## Aim of the exercise
This exercise calls for the records to be repeated in full, exactly as written.

-- -- --

lemma poisson_gap_weight_le:
  assumes "k \<le> N"
  shows "gap_weight poisson k N \<le> l * poisson k"
proof -
  have "gap_weight poisson k N \<le> l * (poisson k * (\<Sum>x\<le>N. poisson x))"
    unfolding poisson_gap_weight_eq[OF assms] using l_pos poisson_pos
    by (intro mult_left_mono) (auto intro!: mult_nonneg_nonneg sum_nonneg intro: less_imp_le)
  also have "\<dots> \<le> l * poisson k"
    using l_pos poisson_pos[of k] poisson_partial_sum_le_1[of N]
    by (intro mult_left_mono mult_left_le) auto
  finally show ?thesis .
qed

lemma poisson_poincare_partial:
  fixes u :: "nat \<Rightarrow> real"
  shows "(\<Sum>x\<le>N. poisson x) * (\<Sum>x\<le>N. poisson x * (u x)\<^sup>2) - (\<Sum>x\<le>N. poisson x * u x)\<^sup>2
     \<le> (\<Sum>k<N. l * poisson k * (u (Suc k) - u k)\<^sup>2)"
proof -
  have "(\<Sum>x\<le>N. poisson x) * (\<Sum>x\<le>N. poisson x * (u x)\<^sup>2) - (\<Sum>x\<le>N. poisson x * u x)\<^sup>2
      = (\<Sum>y\<le>N. \<Sum>x<y. poisson x * poisson y * (u y - u x)\<^sup>2)"
    by (rule sum_weighted_variance_eq_pairs)
  also have "\<dots> \<le> (\<Sum>y\<le>N. \<Sum>x<y. poisson x * poisson y
      * ((real y - real x) * (\<Sum>k\<in>{x..<y}. (u (Suc k) - u k)\<^sup>2)))"
    using poisson_pos
    by (intro sum_mono mult_left_mono sq_diff_le_sum_sq_increments) (auto intro: less_imp_le)
  also have "\<dots> = (\<Sum>k<N. (u (Suc k) - u k)\<^sup>2 * gap_weight poisson k N)"
    using sum_pairs_sum_increments_eq[where p = poisson and d = "\<lambda>k. (u (Suc k) - u k)\<^sup>2"]
    by (simp add: mult.assoc)
  also have "\<dots> \<le> (\<Sum>k<N. (u (Suc k) - u k)\<^sup>2 * (l * poisson k))"
    by (intro sum_mono mult_left_mono poisson_gap_weight_le) auto
  finally show ?thesis
    by (simp add: mult_ac)
qed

-- -- --

## Answer area
lemma poisson_gap_weight_le:
  assumes "k \<le> N"
  shows "gap_weight poisson k N \<le> l * poisson k"
proof -
  have "gap_weight poisson k N \<le> l * (poisson k * (\<Sum>x\<le>N. poisson x))"
    unfolding poisson_gap_weight_eq[OF assms] using l_pos poisson_pos
    by (intro mult_left_mono) (auto intro!: mult_nonneg_nonneg sum_nonneg intro: less_imp_le)
  also have "\<dots> \<le> l * poisson k"
    using l_pos poisson_pos[of k] poisson_partial_sum_le_1[of N]
    by (intro mult_left_mono mult_left_le) auto
  finally show ?thesis .
qed

lemma poisson_poincare_partial:
  fixes u :: "nat \<Rightarrow> real"
  shows "(\<Sum>x\<le>N. poisson x) * (\<Sum>x\<le>N. poisson x * (u x)\<^sup>2) - (\<Sum>x\<le>N. poisson x * u x)\<^sup>2
     \<le> (\<Sum>k<N. l * poisson k * (u (Suc k) - u k)\<^sup>2)"
proof -
  have "(\<Sum>x\<le>N. poisson x) * (\<Sum>x\<le>N. poisson x * (u x)\<^sup>2) - (\<Sum>x\<le>N. poisson x * u x)\<^sup>2
      = (\<Sum>y\<le>N. \<Sum>x<y. poisson x * poisson y * (u y - u x)\<^sup>2)"
    by (rule sum_weighted_variance_eq_pairs)
  also have "\<dots> \<le> (\<Sum>y\<le>N. \<Sum>x<y. poisson x * poisson y
      * ((real y - real x) * (\<Sum>k\<in>{x..<y}. (u (Suc k) - u k)\<^sup>2)))"
    using poisson_pos
    by (intro sum_mono mult_left_mono sq_diff_le_sum_sq_increments) (auto intro: less_imp_le)
  also have "\<dots> = (\<Sum>k<N. (u (Suc k) - u k)\<^sup>2 * gap_weight poisson k N)"
    using sum_pairs_sum_increments_eq[where p = poisson and d = "\<lambda>k. (u (Suc k) - u k)\<^sup>2"]
    by (simp add: mult.assoc)
  also have "\<dots> \<le> (\<Sum>k<N. (u (Suc k) - u k)\<^sup>2 * (l * poisson k))"
    by (intro sum_mono mult_left_mono poisson_gap_weight_le) auto
  finally show ?thesis
    by (simp add: mult_ac)
qed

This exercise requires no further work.